Can you be charged with DUI in Maryland for sitting in your vehicle?
In a word yes!
Can you be charged with murder when you were nowhere near the scene of the crime? Yes. But that does not mean that the murder charges will necessarily stick.
But how about a DUI in Maryland, will those charges stick if you were merely sitting in your car and happen to be under the influence of alcohol when the police roll up and disrupt your drunken bliss? Strangely the answer is yes. The question that the Court is called upon to evaluate to determine guilt or innocence is whether or not you were in “actual physical control” of your car/motorcycle/bicycle at the time the police invaded your privacy.
Actual physical control translates into a number of factors which have been discussed previously on this blog (Atkinson v. State). They include:
1) Where you were sitting/sleeping in the car (yes you can be charged with DUI even if sleeping in the car)
2) Was the engine running 3) Were the keys in the ignition 4) Were the headlights on 5) Was the car legally parked in a space or were you sleeping in the middle of the road 6) Was the car in gear
These factors lend some guidance to the judge in his attempt to determine whether you were in “actual physical control” of your car. If the judge finds that you were sleeping the driver’s seat of the car in the travel lane of the road, or even on the shoulder of the road and the engine was running, it is more than likely that you will be found to be in actual physical control of the car and thereby the chances of conviction of DUI are enhanced.

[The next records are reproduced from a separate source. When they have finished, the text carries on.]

definition opF :: "('a,'x,'l) fa \<Rightarrow> ('b,'x,'l) fa \<Rightarrow> ('a \<Rightarrow> 'b \<Rightarrow> 'l::complete_residuated_lattice) \<Rightarrow> 'a \<Rightarrow> 'b \<Rightarrow> 'l" where
  "opF A B \<alpha> = (\<lambda>a b. INF x. INF a'. delta A a x a' \<leadsto> (SUP b'. delta B b x b' \<otimes> \<alpha> a' b'))"

definition opF' :: "('a,'x,'l) fa \<Rightarrow> ('b,'x,'l) fa \<Rightarrow> ('a \<Rightarrow> 'b \<Rightarrow> 'l::complete_residuated_lattice) \<Rightarrow> 'a \<Rightarrow> 'b \<Rightarrow> 'l" where
  "opF' A B \<alpha> = (\<lambda>a b. INF x. INF b'. delta B b x b' \<leadsto> (SUP a'. delta A a x a' \<otimes> \<alpha> a' b'))"

definition opG :: "('a,'x,'l) fa \<Rightarrow> ('b,'x,'l) fa \<Rightarrow> ('a \<Rightarrow> 'b \<Rightarrow> 'l::complete_residuated_lattice) \<Rightarrow> 'a \<Rightarrow> 'b \<Rightarrow> 'l" where
  "opG A B \<alpha> = (\<lambda>a b. INF x. INF a'. delta A a' x a \<leadsto> (SUP b'. \<alpha> a' b' \<otimes> delta B b' x b))"

definition opG' :: "('a,'x,'l) fa \<Rightarrow> ('b,'x,'l) fa \<Rightarrow> ('a \<Rightarrow> 'b \<Rightarrow> 'l::complete_residuated_lattice) \<Rightarrow> 'a \<Rightarrow> 'b \<Rightarrow> 'l" where
  "opG' A B \<alpha> = (\<lambda>a b. INF x. INF b'. delta B b' x b \<leadsto> (SUP a'. delta A a' x a \<otimes> \<alpha> a' b'))"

Conversely, if you are sleeping in the backseat of the car (a very good place to be) or in the passenger seat of the car and the keys are on the console or perhaps in your pocket and the car is legally parked in a designated space, then this would significantly improve the chance of not being physically in control of the car.
However, this matter can be further complicated if you elect to answer the cops questions as they proceed to interrogate you about how you came to parked at that location. For example if you were to say that you drove yourself there 30 minutes ago and you didn’t feel well and thus decided to pull over and sleep for a while, well that sounds reasonable but it’s probably enough for the judge to find you in “actual physical control” and under the influence of alcohol at the time of driving. Furthermore, if you did not have anything to drink while you were parked at that location but rather drank earlier in the evening, then you are incriminating yourself by indicating that you were driving while under the influence earlier in the evening.
Thus the law tends to support pulling over into a safe location, engine off, driver in the back seat of the car and answering NO questions because you can easily incriminate yourself by answering the questions despite doing everything else legally, safely, and correctly.
It’s almost like a conspiracy to convict you of DUI despite doing what is in the best interest of the community and yourself. I would add that there is a little known unreported case from the Maryland Court of Special Appeals which does lend some credence to the concept of the “shelter doctrine” or pulling over to seek shelter when not feeling well. While this case can be useful in some contexts it is not controlling as Atkinson v. State is more controlling in this context with the factors identified above.